Here is a sample diff:

http://svn.apache.org/viewvc/jakarta/site/docs/site/news/200 206.html?r1=567256&r2=567257

The u-umlaut characters were replaced by ?

[But I don't know exactly how the mangled version was generated.]

> This is what the XSLT spec says about output encodings [1]:
>
> > The encoding attribute specifies the preferred encoding to use for
> > outputting the result tree. XSLT processors are required to respect
> > values of UTF-8 and UTF-16. For other values, if the XSLT processor
> > does not support the specified encoding it may signal an error; if
> > it does not signal an error it should use UTF-8 or UTF-16 instead.

Ah, thanks - that could well explain the problem.

> Is the output generated in UTF-8 or UTF-16? Then the solution
> would be to use one of those as the output encoding, since only
> those are required to be supported on all platforms.

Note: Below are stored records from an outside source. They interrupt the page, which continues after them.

lemma induced_map_mod_hom:
  assumes f: "mod_hom R M M f" and P: "submodule P R M" and N: "submodule N R M"
    and N': "submodule N' R M" and fP: "f ` P \<subseteq> P'" and fN: "f ` N \<subseteq> N'"
  shows "mod_hom R (subquotient M P N) (subquotient M P' N') (\<lambda>C. N' <+>\<^bsub>M\<^esub> f ` C)"
proof -
  note Pc = submoduleE[OF P]
  have fc: "f a \<in> carrier M" if "a \<in> P" for a
    using that f Pc(1) by (auto simp: mod_hom_def)
  have val: "N' <+>\<^bsub>M\<^esub> f ` (N +>\<^bsub>M\<^esub> a) = N' +>\<^bsub>M\<^esub> f a" if "a \<in> P" for a
    using induced_map_coset[OF f N N' fN] that Pc(1) by auto
  show ?thesis unfolding mod_hom_def
  proof (intro conjI ballI)
    show "(\<lambda>C. N' <+>\<^bsub>M\<^esub> f ` C) \<in> carrier (subquotient M P N) \<rightarrow> carrier (subquotient M P' N')"
      using val fP by (auto simp: carrier_subquotient)
  next
    fix x y assume "x \<in> carrier (subquotient M P N)" "y \<in> carrier (subquotient M P N)"
    then obtain a b where ab: "a \<in> P" "b \<in> P" and xy: "x = N +>\<^bsub>M\<^esub> a" "y = N +>\<^bsub>M\<^esub> b"
      by (auto simp: carrier_subquotient)
    then show "N' <+>\<^bsub>M\<^esub> f ` (x \<oplus>\<^bsub>subquotient M P N\<^esub> y)
        = (N' <+>\<^bsub>M\<^esub> f ` x) \<oplus>\<^bsub>subquotient M P' N'\<^esub> (N' <+>\<^bsub>M\<^esub> f ` y)"
      using f Pc(1,5) fc val by (auto simp: add_subquotient_coset N N' mod_hom_def subset_iff)
  next
    fix r x assume r: "r \<in> carrier R" and "x \<in> carrier (subquotient M P N)"
    then obtain a where a: "a \<in> P" "x = N +>\<^bsub>M\<^esub> a" by (auto simp: carrier_subquotient)
    then show "N' <+>\<^bsub>M\<^esub> f ` (r \<odot>\<^bsub>subquotient M P N\<^esub> x)
        = r \<odot>\<^bsub>subquotient M P' N'\<^esub> (N' <+>\<^bsub>M\<^esub> f ` x)"
      using r f Pc(1,4) fc val by (auto simp: smult_subquotient_coset N N' mod_hom_def subset_iff)
  qed
qed

lemma id_subquotient_mod_hom:
  assumes "K \<subseteq> P"
  shows "mod_hom R (subquotient M K N) (subquotient M P N) id"
  using assms by (auto simp: mod_hom_def carrier_subquotient add_subquotient smult_subquotient)

lemma short_exact_subquotient:
  assumes f: "mod_hom R M M f" and P: "submodule P R M" and N: "submodule N R M"
    and N': "submodule N' R M" and fN: "f ` N \<subseteq> N'"
  shows "short_exact R (subquotient M {p \<in> P. f p \<in> N'} N) (subquotient M P N)
           (subquotient M (N' <+>\<^bsub>M\<^esub> f ` P) N') id (\<lambda>C. N' <+>\<^bsub>M\<^esub> f ` C)"
proof -
  define K where "K = {p \<in> P. f p \<in> N'}"
  define I where "I = N' <+>\<^bsub>M\<^esub> f ` P"
  note Pc = submoduleE[OF P]
  have fc: "f a \<in> carrier M" if "a \<in> P" for a
    using that f Pc(1) by (auto simp: mod_hom_def)
  have val: "N' <+>\<^bsub>M\<^esub> f ` (N +>\<^bsub>M\<^esub> a) = N' +>\<^bsub>M\<^esub> f a" if "a \<in> P" for a
    using induced_map_coset[OF f N N' fN] that Pc(1) by auto
  have fPI: "f ` P \<subseteq> I"
    unfolding I_def using zero_in_submodule[OF M N'] fc by (intro subset_set_add_right[OF M]) auto
  have surj: "(\<lambda>C. N' <+>\<^bsub>M\<^esub> f ` C) ` carrier (subquotient M P N) = carrier (subquotient M I N')"
  proof (intro equalityI subsetI)
    fix y assume "y \<in> carrier (subquotient M I N')"
    then obtain n p where np: "n \<in> N'" "p \<in> P" and y: "y = N' +>\<^bsub>M\<^esub> (n \<oplus>\<^bsub>M\<^esub> f p)"
      by (auto simp: carrier_subquotient I_def mem_set_add)
    have "n \<oplus>\<^bsub>M\<^esub> f p \<in> N' +>\<^bsub>M\<^esub> f p" using np by (auto simp: mem_a_r_coset)
    then have "y = N' <+>\<^bsub>M\<^esub> f ` (N +>\<^bsub>M\<^esub> p)"
      using abelian_subgroup.a_repr_independence'[OF submodule_abelian_subgroup[OF M N']] fc np
      by (simp add: y val)
    then show "y \<in> (\<lambda>C. N' <+>\<^bsub>M\<^esub> f ` C) ` carrier (subquotient M P N)"
      using np(2) by (auto simp: carrier_subquotient)
  qed (use induced_map_mod_hom[OF f P N N' fPI fN] in \<open>auto simp: mod_hom_def\<close>)
  have ker: "carrier (subquotient M K N)
      = {x \<in> carrier (subquotient M P N). N' <+>\<^bsub>M\<^esub> f ` x = \<zero>\<^bsub>subquotient M I N'\<^esub>}"
  proof -
    have "N' <+>\<^bsub>M\<^esub> f ` (N +>\<^bsub>M\<^esub> a) = N' \<longleftrightarrow> f a \<in> N'" if "a \<in> P" for a
      using a_r_coset_eq_self_iff[OF M N' fc[OF that]] val[OF that] by simp
    then show ?thesis by (auto simp: carrier_subquotient K_def)
  qed
  show ?thesis
    unfolding short_exact_def K_def[symmetric] I_def[symmetric]
    using id_subquotient_mod_hom induced_map_mod_hom[OF f P N N' fPI fN] surj ker
    by (auto simp: K_def)
qed

lemma length_subquotient_split:
  assumes lam: "length_function R lam"
    and f: "mod_hom R M M f" and P: "submodule P R M" and N: "submodule N R M"
    and N': "submodule N' R M" and NP: "N \<subseteq> P" and fN: "f ` N \<subseteq> N'"
  shows "lam (subquotient M P N)
    = lam (subquotient M {p \<in> P. f p \<in> N'} N) + lam (subquotient M (N' <+>\<^bsub>M\<^esub> f ` P) N')"
proof -
  have I: "submodule (N' <+>\<^bsub>M\<^esub> f ` P) R M"
    by (intro submodule_set_add[OF M N'] submodule_image[OF M f P])
  have "N' \<subseteq> N' <+>\<^bsub>M\<^esub> f ` P"
    using zero_in_submodule[OF M submodule_image[OF M f P]] submoduleE(1)[OF N']
    by (rule subset_set_add_left[OF M])
  then have mI: "module R (subquotient M (N' <+>\<^bsub>M\<^esub> f ` P) N')"
    by (rule subquotient_is_module[OF I N'])
  have mK: "module R (subquotient M {p \<in> P. f p \<in> N'} N)"
    using NP fN by (intro subquotient_is_module submodule_preimage[OF M f P N'] N) auto
  have mP: "module R (subquotient M P N)" by (rule subquotient_is_module[OF P N NP])
  show ?thesis
    by (rule length_function_short_exact[OF lam mK mP mI short_exact_subquotient[OF f P N N' fN]])
qed

lemma length_subquotient_tower:
  assumes lam: "length_function R lam"
    and P: "submodule P R M" and N: "submodule N R M" and I: "submodule I R M"
    and NI: "N \<subseteq> I" and IP: "I \<subseteq> P"
  shows "lam (subquotient M P N) = lam (subquotient M I N) + lam (subquotient M P I)"
proof -
  have id: "mod_hom R M M id" by (simp add: mod_hom_def)
  have "I <+>\<^bsub>M\<^esub> P = P"
  proof
    show "I <+>\<^bsub>M\<^esub> P \<subseteq> P" using IP by (intro set_add_subset_submodule[OF M P]) auto
    show "P \<subseteq> I <+>\<^bsub>M\<^esub> P"
      using zero_in_submodule[OF M I] submoduleE(1)[OF P] by (rule subset_set_add_right[OF M])
  qed
  moreover have "{p \<in> P. p \<in> I} = I" using IP by auto
  ultimately show ?thesis
    using length_subquotient_split[OF lam id P N I] NI IP by simp
qed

The output is currently generated in iso-8859-1 (or iso-8859-15); the
input is specified using either an actual u-umlaut, or ü

Unfortunately changing to UTF-8 would mean changing all the html files...

I'll see about adding a check - should be easy enough to generate a
dummy html file from an xml containing some accented characters and
check that the result is as expected.

> cheers,
> Roland
>
> [1] http://www.w3.org/TR/xslt#section-XML-Output-Method
>
> ------------------------------------------------------------ ---------
> To unsubscribe, e-mail: general-unsubscribe@jakarta.apache.org
> For additional commands, e-mail: general-help@jakarta.apache.org
>
>

Re: svn commit: r567258

am 19.08.2007 13:37:31 von Roland Weber

Hi Sebastian,

> The u-umlaut characters were replaced by ?
>
> [But I don't know exactly how the mangled version was generated.]
>
> The output is currently generated in iso-8859-1 (or iso-8859-15); the
> input is specified using either an actual u-umlaut, or ü

That's a nasty one to track down. Apart from encoding specs in
the style sheet, there's also the encoding in the line
of the source file to consider. The source file specifies
ISO-8859-1. I wonder whether svn might screw up the charset
on co/ci. Isn't there also a tool that does some postprocessing
in order to normalize the XML? If an XML processor generates
UTF instead of the specified ISO-8859-1, and the next processor
expects ISO-* as input, the data could get screwed up. You'd
have to chase all the chain from input to final output.

> I'll see about adding a check - should be easy enough to generate a
> dummy html file from an xml containing some accented characters and
> check that the result is as expected.

That's probably the best approach.

cheers,
Roland

Re: svn commit: r567258

am 19.08.2007 13:58:29 von Roland Weber

The JDK version used may also have to do with it:
http://issues.apache.org/bugzilla/show_bug.cgi?id=38781

cheers,
Roland